The ThinkPad L412 comes with the usual set of ThinkVantage tools, including a well-featured Power Manager utility
Performance & battery life
Our ThinkPad L412 had a 2.4GHz Intel Core i5 processor, 2GB of RAM, 32-bit Windows 7 Professional and a 250GB hard drive. The default battery is a 4-cell 2,200mAh Li-ion unit. If you need more uptime away from the mains, you can specify either a 6-cell (2,600mAh) or a 9-cell (2,800mAh) battery. Our review unit, with a 6-cell battery, costs £888.56 (inc. VAT; £756.22 ex. VAT).
The system's Windows Experience Index (WEI) of 4.0 (out of 7.0) is determined by the lowest-scoring subsystem — in this case, Graphics (desktop performance for Windows Aero). The highest score, 6.5, went to Processor (calculations per second), the remaining ones being 5.7 for Primary hard disk (Disk data transfer rate), 5.5 for RAM (Memory operations per second) and 5.2 for Gaming Graphics (3D business and gaming graphics performance). Clearly, the system's weakest link is its integrated Intel HD Graphics.
We tested the supplied 6-cell battery by asking it to play a movie from a full charge. We chose the maximum lifespan power plan, which caused the notebook to automatically stop movie playback after 1 hour 45 minutes — although the notebook kept going for a further 1 hour 14 minutes, giving a total battery life of 2 hours 59 minutes.

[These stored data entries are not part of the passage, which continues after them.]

lemma sum_monomial_exp_vectors_last_fixed:
  assumes "a \<le> Suc b" and "P e"
  shows "sum (monomial X a (Suc b)) {l \<in> exp_vectors P a (Suc b) k. l (Suc b) = e}
           = X (Suc b) powi e * sum (monomial X a b) (exp_vectors P a b (k - e))"
proof -
  let ?put = "\<lambda>l. l(Suc b := e)"
  have "{l \<in> exp_vectors P a (Suc b) k. l (Suc b) = e} = ?put ` exp_vectors P a b (k - e)"
  proof (intro equalityI subsetI)
    fix l assume l: "l \<in> {l \<in> exp_vectors P a (Suc b) k. l (Suc b) = e}"
    then have "l = ?put (l(Suc b := 0))" "l(Suc b := 0) \<in> exp_vectors P a b (k - e)"
      using assms by (auto simp: exp_vectors_def)
    then show "l \<in> ?put ` exp_vectors P a b (k - e)" by blast
  qed (use assms in \<open>auto simp: exp_vectors_def\<close>)
  moreover have "inj_on ?put (exp_vectors P a b (k - e))"
  proof (rule inj_onI)
    fix l l' assume "l \<in> exp_vectors P a b (k - e)" "l' \<in> exp_vectors P a b (k - e)" and put: "?put l = ?put l'"
    then have "l (Suc b) = 0" "l' (Suc b) = 0"
      by (simp_all add: exp_vectors_outside)
    then have "l = (?put l)(Suc b := 0)" "l' = (?put l')(Suc b := 0)"
      by auto
    with put show "l = l'" by simp
  qed
  ultimately show ?thesis
    using assms by (simp add: sum.reindex monomial_upd_last sum_distrib_left)
qed

lemma sum_monomial_exp_vectors_shift_last:
  assumes "a \<le> Suc b" and "X (Suc b) \<noteq> 0" and "\<And>x. P x \<Longrightarrow> P (x + d)"
  shows "sum (monomial X a (Suc b)) {l \<in> exp_vectors P a (Suc b) (k + d). P (l (Suc b) - d)}
           = X (Suc b) powi d * sum (monomial X a (Suc b)) (exp_vectors P a (Suc b) k)"
proof -
  let ?shift = "\<lambda>d l. l(Suc b := l (Suc b) + d)"
  have monomial_shift: "monomial X a (Suc b) (?shift d l) = X (Suc b) powi d * monomial X a (Suc b) l" for l
    using monomial_upd_last[OF assms(1), of X l "l (Suc b)"] monomial_upd_last[OF assms(1), of X l]
    by (simp add: assms(2) power_int_add)
  have monomial_unshift:
    "X (Suc b) powi d * monomial X a (Suc b) (l(Suc b := l (Suc b) - d)) = monomial X a (Suc b) l" for l
    using monomial_shift[of "?shift (- d) l"] by simp
  show ?thesis
    unfolding sum_distrib_left
  proof (rule sum.reindex_bij_witness[where i = "?shift d" and j = "?shift (- d)"])
    fix l assume "l \<in> {l \<in> exp_vectors P a (Suc b) (k + d). P (l (Suc b) - d)}"
    then show "?shift (- d) l \<in> exp_vectors P a (Suc b) k"
      using assms(1) by (auto simp: exp_vectors_def)
  next
    fix l assume "l \<in> exp_vectors P a (Suc b) k"
    then show "?shift d l \<in> {l \<in> exp_vectors P a (Suc b) (k + d). P (l (Suc b) - d)}"
      using assms(1,3) by (auto simp: exp_vectors_def)
  qed (simp_all add: monomial_unshift)
qed

text \<open>Peeling off the last variable: the vectors whose last exponent can still be moved by
  -d form a shifted copy of the exponent set, the remaining ones all have last exponent e.\<close>

lemma sum_monomial_exp_vectors_Suc_right:
  assumes "a \<le> Suc b" and "X (Suc b) \<noteq> 0" and "finite (exp_vectors P a (Suc b) (k + d))"
    and "\<And>x. P x \<Longrightarrow> P (x + d)" and "\<And>x. (P x \<and> \<not> P (x - d)) = (x = e)"
  shows "sum (monomial X a (Suc b)) (exp_vectors P a (Suc b) (k + d))
           = X (Suc b) powi d * sum (monomial X a (Suc b)) (exp_vectors P a (Suc b) k)
             + X (Suc b) powi e * sum (monomial X a b) (exp_vectors P a b (k + d - e))"
proof -
  let ?A = "exp_vectors P a (Suc b) (k + d)" and ?movable = "{l. P (l (Suc b) - d)}"
  have "P e" using assms(5) by blast
  have "?A - ?movable = {l \<in> ?A. l (Suc b) = e}"
  proof (intro equalityI subsetI)
    fix l assume l: "l \<in> ?A - ?movable"
    then have "P (l (Suc b))" using assms(1) by (auto intro: exp_vectors_entry)
    with l assms(5) show "l \<in> {l \<in> ?A. l (Suc b) = e}" by blast
  qed (use assms(5) in blast)
  moreover have "?A \<inter> ?movable = {l \<in> ?A. P (l (Suc b) - d)}" by blast
  ultimately show ?thesis
    using sum.Int_Diff[OF assms(3), of "monomial X a (Suc b)" ?movable]
      sum_monomial_exp_vectors_shift_last[where X = X and b = b and P = P and k = k, OF assms(1,2,4)]
      sum_monomial_exp_vectors_last_fixed[where X = X and P = P, OF assms(1) \<open>P e\<close>]
    by (simp only:)
qed

lemma hsym_zero: "hsym 0 X a b = 1"
proof -
  have "exp_vectors (\<lambda>e. 0 \<le> e) a b 0 = {\<lambda>_. 0}"
  proof (intro equalityI subsetI)
    fix l assume l: "l \<in> exp_vectors (\<lambda>e. 0 \<le> e) a b 0"
    then have "\<forall>i\<in>{a..b}. l i = 0"
      using sum_nonneg_eq_0_iff[of "{a..b}" l] by (auto simp: exp_vectors_def)
    with l show "l \<in> {\<lambda>_. 0}" by (auto simp: exp_vectors_def fun_eq_iff)
  qed (auto simp: exp_vectors_def)
  then show ?thesis by (simp add: hsym_nonneg monomial_def)
qed

lemma hsym_single: "hsym r X a a = X a powi r"
proof (cases "0 \<le> r")
  case True
  then have "exp_vectors (\<lambda>e. 0 \<le> e) a a r = {(\<lambda>_. 0)(a := r)}"
    by (auto simp: exp_vectors_def fun_eq_iff)
  with True show ?thesis by (simp add: hsym_nonneg monomial_def)
next
  case False
  then have "exp_vectors (\<lambda>e. e < 0) a a r = {(\<lambda>_. 0)(a := r)}"
    by (auto simp: exp_vectors_def fun_eq_iff)
  with False show ?thesis by (simp add: hsym_neg monomial_def)
qed

lemma hsym_eq_0:
  assumes "r < 0" and "- r \<le> int b - int a"
  shows "hsym r X a b = 0"
proof -
  have "exp_vectors (\<lambda>e. e < 0) a b r = {}"
  proof (rule ccontr)
    assume "exp_vectors (\<lambda>e. e < 0) a b r \<noteq> {}"
    then obtain l where l: "l \<in> exp_vectors (\<lambda>e. e < 0) a b r" by blast
    then have "sum l {a..b} \<le> (\<Sum>i\<in>{a..b}. -1)"
      using exp_vectors_entry[OF l] by (intro sum_mono) fastforce
    with l assms show False by (simp add: exp_vectors_def)
  qed
  with assms show ?thesis by (simp add: hsym_neg)
qed

lemma hsym_Suc_right:
  assumes "a \<le> b" and "X (Suc b) \<noteq> 0"
  shows "hsym r X a (Suc b) = hsym r X a b + X (Suc b) * hsym (r - 1) X a (Suc b)"
proof -
  have ab: "a \<le> Suc b" using assms(1) by simp
  consider "1 \<le> r" | "r = 0" | "r < 0" by linarith
  then show ?thesis
  proof cases
    case 1
    have last_exp: "(0 \<le> x \<and> \<not> 0 \<le> x - 1) = (x = 0)" for x :: int by auto
    have "sum (monomial X a (Suc b)) (exp_vectors (\<lambda>e. 0 \<le> e) a (Suc b) (r - 1 + 1))
        = X (Suc b) * sum (monomial X a (Suc b)) (exp_vectors (\<lambda>e. 0 \<le> e) a (Suc b) (r - 1))
          + sum (monomial X a b) (exp_vectors (\<lambda>e. 0 \<le> e) a b (r - 1 + 1))"
      using sum_monomial_exp_vectors_Suc_right[where X = X and P = "\<lambda>e. 0 \<le> e" and k = "r - 1",
          OF ab assms(2) finite_exp_vectors_nonneg _ last_exp]
      by simp
    with 1 show ?thesis by (simp add: hsym_nonneg)
  next
    case 2
    have "hsym (-1) X a (Suc b) = 0"
      using assms(1) by (intro hsym_eq_0) auto
    with 2 show ?thesis by (simp add: hsym_zero)
  next
    case 3
    let ?U = "\<lambda>r c. sum (monomial X a c) (exp_vectors (\<lambda>e. e < 0) a c r)"
    define s :: 'a where "s = (-1) ^ (card {a..b} + 1)"
    have card: "card {a..Suc b} = Suc (card {a..b})"
      using assms(1) by simp
    have signs: "hsym r X a b = s * ?U r b" "hsym r X a (Suc b) = - s * ?U r (Suc b)"
        "hsym (r - 1) X a (Suc b) = - s * ?U (r - 1) (Suc b)"
      using 3 card by (simp_all add: hsym_neg s_def)
    have last_exp: "(x < 0 \<and> \<not> x - - 1 < 0) = (x = - 1)" for x :: int by auto
    have peel: "X (Suc b) * ?U (r - 1) (Suc b) = ?U r (Suc b) + ?U r b"
      using sum_monomial_exp_vectors_Suc_right[where X = X and P = "\<lambda>e. e < 0" and k = r,
          OF ab assms(2) finite_exp_vectors_neg _ last_exp] assms(2)
      by (simp add: power_int_minus field_simps)
    have "hsym r X a b + X (Suc b) * hsym (r - 1) X a (Suc b)
        = s * ?U r b - s * (X (Suc b) * ?U (r - 1) (Suc b))"
      by (simp add: signs)
    also have "\<dots> = s * ?U r b - s * (?U r (Suc b) + ?U r b)"
      by (simp only: peel)
    also have "\<dots> = hsym r X a (Suc b)"
      by (simp add: signs algebra_simps)
    finally show ?thesis by simp
  qed
qed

Sound output is very good — loud and clear, and good quality.
The Lenovo ThinkPad L412 is a chunky notebook and you'll need to add a few upgrades from the entry-level specification to get a business-ready configuration. Keyboard clatter might be a problem if you work in a particularly quiet environment, and the lips on the chassis make it trick to access ports and connectors. We admire Lenovo for its use of recycled materials, and would like to see more of this.